Trigonocera

Scientific classification
- Kingdom: Animalia
- Phylum: Arthropoda
- Clade: Pancrustacea
- Class: Insecta
- Order: Diptera
- Family: Dolichopodidae
- Subfamily: Diaphorinae
- Genus: Trigonocera Becker, 1902
- Type species: Trigonocera rivosa Becker, 1902

= Trigonocera =

Genus of flies

Trigonocera is a genus of flies in the family Dolichopodidae.
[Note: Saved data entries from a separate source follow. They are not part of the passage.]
lemma block_of_image: "block_of ` {p..<N} = {..<num_blocks}"
proof
  show "block_of ` {p..<N} \<subseteq> {..<num_blocks}" using block_of_less by auto
  show "{..<num_blocks} \<subseteq> block_of ` {p..<N}" using block_of_surj by fastforce
qed

context
  fixes c assumes c: "c \<in> incr_lists p max_code"
begin

lemma code_mono: "i \<le> j \<Longrightarrow> j < p \<Longrightarrow> c ! i \<le> c ! j" using c unfolding incr_lists_iff_nth by blast

lemma code_bound: "i < p \<Longrightarrow> c ! i \<le> max_code" using c unfolding incr_lists_iff_nth by blast

lemma private_mono: "i \<le> j \<Longrightarrow> j < p \<Longrightarrow> c ! i = c ! j \<Longrightarrow> is_private c j \<Longrightarrow> is_private c i"
  unfolding is_private_def by (metis le_less_trans)

lemma private_Suc_iff:
  "Suc t < p \<Longrightarrow> Suc t \<notin> E \<Longrightarrow> c ! t = c ! Suc t \<Longrightarrow> is_private c t \<longleftrightarrow> is_private c (Suc t)"
proof
  assume h: "Suc t < p" "Suc t \<notin> E" "c ! t = c ! Suc t" "is_private c t"
  then obtain d where d: "d \<in> E" "t < d" "d \<le> p" "c ! (d - 1) = c ! t"
    unfolding is_private_def by blast
  then have "Suc t < d" using h(2) by (metis Suc_lessI)
  then show "is_private c (Suc t)" unfolding is_private_def using d h(3) by auto
next
  assume h: "Suc t < p" "Suc t \<notin> E" "c ! t = c ! Suc t" "is_private c (Suc t)"
  then show "is_private c t" using private_mono[of t "Suc t"] by simp
qed

lemma private_if_des: "t < p \<Longrightarrow> Suc t \<in> E \<Longrightarrow> is_private c t"
  unfolding is_private_def by (intro bexI[of _ "Suc t"]) auto
lemma filled_row_leftwards:
  assumes U: "U \<subseteq> {1}" and y: "y \<in> {1..h}"
    and start: "(w, y) \<in> filled (path_cycle_prod w U h) S"
    and x: "x \<in> {1..w}"
  shows "(x, y) \<in> filled (path_cycle_prod w U h) S"
proof -
  let ?F = "filled (path_cycle_prod w U h) S"
  have "\<forall>x'\<in>{w - d..w}. x' \<ge> 1 \<longrightarrow> (x', y) \<in> ?F" for d
  proof (induction d)
    case (Suc d)
    let ?x = "w - d"
    have step: "(?x - 1, y) \<in> ?F" if "2 \<le> ?x"
    proof -
      have filled_xy: "(?x, y) \<in> ?F" using Suc.IH that by simp
      have non_root: "?x \<notin> U" using U that by auto
      show ?thesis
      proof (rule filled_forceI[OF filled_xy])
        fix z assume z: "z \<in> verts (path_cycle_prod w U h)"
          "adj (path_cycle_prod w U h) (?x, y) z" "z \<noteq> (?x - 1, y)"
        obtain a b where ab: "z = (a, b)" by (cases z)
        have "b = y" "a = ?x + 1"
          using z(2,3) adj_path_cycle_prod_non_root[OF non_root, of w h y a b] unfolding ab by auto
        then show "z \<in> ?F" using Suc.IH z(1) unfolding ab by auto
      qed (use that y in auto)
    qed
    show ?case
    proof (intro ballI impI)
      fix x' assume x': "x' \<in> {w - Suc d..w}" "1 \<le> x'"
      show "(x', y) \<in> ?F"
      proof (cases "x' \<in> {w - d..w}")
        case True
        then show ?thesis using Suc.IH x'(2) by blast
      next
        case False
        then have "x' = ?x - 1" "2 \<le> ?x" using x' by auto
        then show ?thesis using step by simp
      qed
    qed
  qed (use start in auto)
  from this[of "w - x"] show ?thesis using x by auto
qed
(* For each $k\geq1$ let $m_k\in\mathbb{R}$, $\sigma_k>0$, and let $\theta^k$ be the distribution of $|X^k|$ where $X^k$ has normal law $\mathcal{N}(m_k,\sigma_k^2)$. Then $(\theta^k)_k$ satisfies the long-term condition (LTC) if and only if $\sigma_k\to\infty$ as $k\to\infty$.
   Context: For a Borel probability measure $\theta$ on $\mathbb{R}_+$ and $s\geq0$, $TV_s(\theta)=\sup_{Q\in\mathcal{B}(\mathbb{R}_+)}|\theta(Q)-\theta(Q+s)|$. A sequence $(\theta^k)_{k\ge1}$ of such measures satisfies the LTC if for every $S>0$, $\sup_{0\leq s\leq S}TV_s(\theta^k)\to0$ as $k\to\infty$. *)

theory Defs
  imports "HOL-Probability.Probability"
begin

text \<open>Total-variation shift functional TV_s of a Borel probability measure on R_+
  (represented as a measure on the reals concentrated on [0,oo)).
  The supremum ranges over Borel subsets Q of R_+; Q + s is the translate.\<close>
definition TV_shift :: "real measure \<Rightarrow> real \<Rightarrow> real" where
  "TV_shift \<theta> s =
     (SUP Q \<in> {Q \<in> sets borel. Q \<subseteq> {0..}}. \<bar>measure \<theta> Q - measure \<theta> ((\<lambda>x. x + s) ` Q)\<bar>)"

definition LTC :: "(nat \<Rightarrow> real measure) \<Rightarrow> bool" where
  "LTC \<theta> \<longleftrightarrow> (\<forall>S>0. (\<lambda>k. SUP s \<in> {0..S}. TV_shift (\<theta> k) s) \<longlonglongrightarrow> 0)"

definition abs_normal_law :: "real \<Rightarrow> real \<Rightarrow> real measure" where
  "abs_normal_law m \<sigma> = distr (density lborel (normal_density m \<sigma>)) borel abs"

end

theory Submission
  imports Defs
begin

(* If sigma_k -> oo: shifting N(m, sigma^2) by s changes the mass of a Borel set by at most
   s/sigma (the densities of N(m, sigma^2) and N(m - s, sigma^2) cross at m - s/2, and on each
   side the excess mass is that of a strip of width s, where the density is at most 1/sigma).
   The law of |X| splits into the masses of Q and -Q, so TV_s <= 2s/sigma.
   Conversely, if sigma_k <= M infinitely often, the interval [max 0 (|m| - sigma), |m| + sigma]
   has mass at least 1/3 under the law of |X|, and three of its translates by multiples of 3M
   are disjoint from it and from each other.  One of them has mass at most 2/9, so TV_s >= 1/9
   for some s <= 9M. *)

lemma measure_diff_le_of_positive_set:
  assumes "finite_measure M" "finite_measure N" "sets N = sets M"
    and A: "A \<in> sets M" and C: "C \<in> sets M"
    and pos: "\<And>B. B \<in> sets M \<Longrightarrow> B \<subseteq> C \<Longrightarrow> measure N B \<le> measure M B"
    and neg: "\<And>B. B \<in> sets M \<Longrightarrow> B \<inter> C = {} \<Longrightarrow> measure M B \<le> measure N B"
  shows "measure M A - measure N A \<le> measure M C - measure N C"
proof -
  have split: "measure K X = measure K (X \<inter> Y) + measure K (X - Y)"
    if "finite_measure K" "X \<in> sets K" "Y \<in> sets K" for K X Y
    using finite_measure.finite_measure_Union[OF that(1), of "X \<inter> Y" "X - Y"] that
    by (simp add: Int_Diff_Un Int_Diff_disjoint)
  have "measure M A - measure N A
      = (measure M (A \<inter> C) - measure N (A \<inter> C)) + (measure M (A - C) - measure N (A - C))"
    using split[of M A C] split[of N A C] assms by simp
  also have "\<dots> \<le> (measure M (C \<inter> A) - measure N (C \<inter> A)) + (measure M (C - A) - measure N (C - A))"
    using neg[of "A - C"] pos[of "C - A"] A C by (auto simp: Int_commute)
  also have "\<dots> = measure M C - measure N C"
    using split[of M C A] split[of N C A] assms by simp
  finally show ?thesis .
qed

lemma emeasure_density_mono:
  assumes [measurable]: "f \<in> borel_measurable M" "g \<in> borel_measurable M"
    and B: "B \<in> sets M" and le: "\<And>x. x \<in> B \<Longrightarrow> f x \<le> g x"
  shows "emeasure (density M f) B \<le> emeasure (density M g) B"
  using B by (auto simp: emeasure_density intro!: nn_integral_mono ennreal_leI
      split: split_indicator intro: le)

lemma measure_distr_abs:
  fixes M :: "real measure"
  assumes "finite_measure M" and sets_M: "sets M = sets borel" and null: "measure M {0} = 0"
    and R: "R \<in> sets borel" "R \<subseteq> {0..}"
  shows "measure (distr M borel abs) R = measure M R + measure M (uminus -` R)"
proof -
  interpret finite_measure M by fact
  have uR: "uminus -` R \<in> sets borel"
    by (rule measurable_sets_borel[OF _ R(1)]) simp
  have "measure (distr M borel abs) R = measure M (abs -` R \<inter> space M)"
    using R by (intro measure_distr) (simp_all add: measurable_cong_sets[OF sets_M refl])
  also have "abs -` R \<inter> space M = R \<union> uminus -` R"
  proof -
    have "\<bar>x\<bar> \<in> R \<longleftrightarrow> x \<in> R \<or> - x \<in> R" for x
      using R(2) by (cases "0 \<le> x") auto
    then show ?thesis using sets_eq_imp_space_eq[OF sets_M] by auto
  qed
  also have "measure M (R \<union> uminus -` R) = measure M R + measure M (uminus -` R) - measure M (R \<inter> uminus -` R)"
    using R uR by (intro measure_Un3) (auto simp: fmeasurable_eq_sets sets_M)
  also have "measure M (R \<inter> uminus -` R) = 0"
  proof -
    have "R \<inter> uminus -` R \<subseteq> {0}"
    proof
      fix x assume "x \<in> R \<inter> uminus -` R"
      then have "0 \<le> x" "0 \<le> - x"
        using R(2) by auto
      then show "x \<in> {0}" by simp
    qed
    then have "measure M (R \<inter> uminus -` R) \<le> measure M {0}"
      by (intro finite_measure_mono) (simp_all add: sets_M)
    then show ?thesis
      using null measure_nonneg[of M "R \<inter> uminus -` R"] by linarith
  qed
  finally show ?thesis by simp
qed

lemma disjoint_family_Icc_translates:
  fixes a b L :: real
  assumes "0 < L" "b - a < L"
  shows "disjoint_family (\<lambda>j::nat. {a + j * L..b + j * L})"
proof -
  have "{a + i * L..b + i * L} \<inter> {a + j * L..b + j * L} = {}" if "i < j" for i j :: nat
  proof -
    have "real i * L + L \<le> real j * L"
      using that \<open>0 < L\<close> mult_right_mono[of "real i + 1" "real j" L] by (simp add: algebra_simps)
    then have "b + i * L < a + j * L"
      using \<open>b - a < L\<close> by linarith
    then show ?thesis
      by auto
  qed
  then show ?thesis
    unfolding disjoint_family_on_def by (metis Int_commute linorder_neqE_nat)
qed

lemma exists_le_of_sum_le:
  fixes f :: "'a \<Rightarrow> 'b::linordered_idom"
  assumes "finite I" "I \<noteq> {}" "sum f I \<le> of_nat (card I) * c"
  shows "\<exists>i\<in>I. f i \<le> c"
proof (rule ccontr)
  assume "\<not> (\<exists>i\<in>I. f i \<le> c)"
  then have "sum (\<lambda>_. c) I < sum f I"
    using assms by (intro sum_strict_mono) auto
  with assms show False
    by simp
qed

lemma TV_shift_le:
  assumes "\<And>Q. Q \<in> sets borel \<Longrightarrow> Q \<subseteq> {0..} \<Longrightarrow>
      \<bar>measure \<theta> Q - measure \<theta> ((\<lambda>x. x + s) ` Q)\<bar> \<le> c"
  shows "TV_shift \<theta> s \<le> c"
  unfolding TV_shift_def by (rule cSUP_least) (auto intro: assms)

lemma (in prob_space) abs_prob_diff_le_1: "\<bar>prob A - prob B\<bar> \<le> 1"
  using prob_le_1[of A] prob_le_1[of B] measure_nonneg[of M A] measure_nonneg[of M B]
  by linarith

lemma TV_shift_le_1: "prob_space \<theta> \<Longrightarrow> TV_shift \<theta> s \<le> 1"
  by (intro TV_shift_le prob_space.abs_prob_diff_le_1)

lemma TV_shift_ge:
  assumes "prob_space \<theta>" and "Q \<in> sets borel" "Q \<subseteq> {0..}"
  shows "\<bar>measure \<theta> Q - measure \<theta> ((\<lambda>x. x + s) ` Q)\<bar> \<le> TV_shift \<theta> s"
  unfolding TV_shift_def
proof (rule cSUP_upper)
  show "bdd_above ((\<lambda>Q. \<bar>measure \<theta> Q - measure \<theta> ((\<lambda>x. x + s) ` Q)\<bar>) ` {Q \<in> sets borel. Q \<subseteq> {0..}})"
    using assms(1) by (intro bdd_aboveI2[where M = 1] prob_space.abs_prob_diff_le_1)
qed (use assms in simp)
It is known from the Afrotropical, Oriental and Palaearctic realms.

==Species==
- Trigonocera ethiopiensis Grichanov, 2013 – Ethiopia
- Trigonocera guizhouensis Wang, Yang & Grootaert, 2008 – China (Chongqing, Guizhou, Xizang, Yunnan)
- Trigonocera lucidiventris Becker, 1922 – Taiwan, Laos, Thailand
- Trigonocera madagascarensis Grichanov, 2013 – Madagascar
- Trigonocera munroi (Curran, 1926) – DR Congo, Ethiopia, Kenya, Namibia, South Africa, Eswatini
- Trigonocera obscura De Meijere, 1916 – Indonesia, Myanmar
- Trigonocera rivosa Becker, 1902 (Synonym: T. africana Naglis, 1999) – Egypt, Israel, Botswana, Cape Verde, Namibia, Senegal, Zambia, Taiwan, Thailand
- Trigonocera shuensis Liu & Yang in Liu, Wang, Tang & Yang, 2018 – China (Chongqing, Sichuan)
- Trigonocera specialis Becker, 1922 – Nepal, India (West Bengal)
- Trigonocera tongshiensis (Yang, 2002) – China (Hainan)

T. biseta Olejníček, 2004 has been moved to Chrysotus.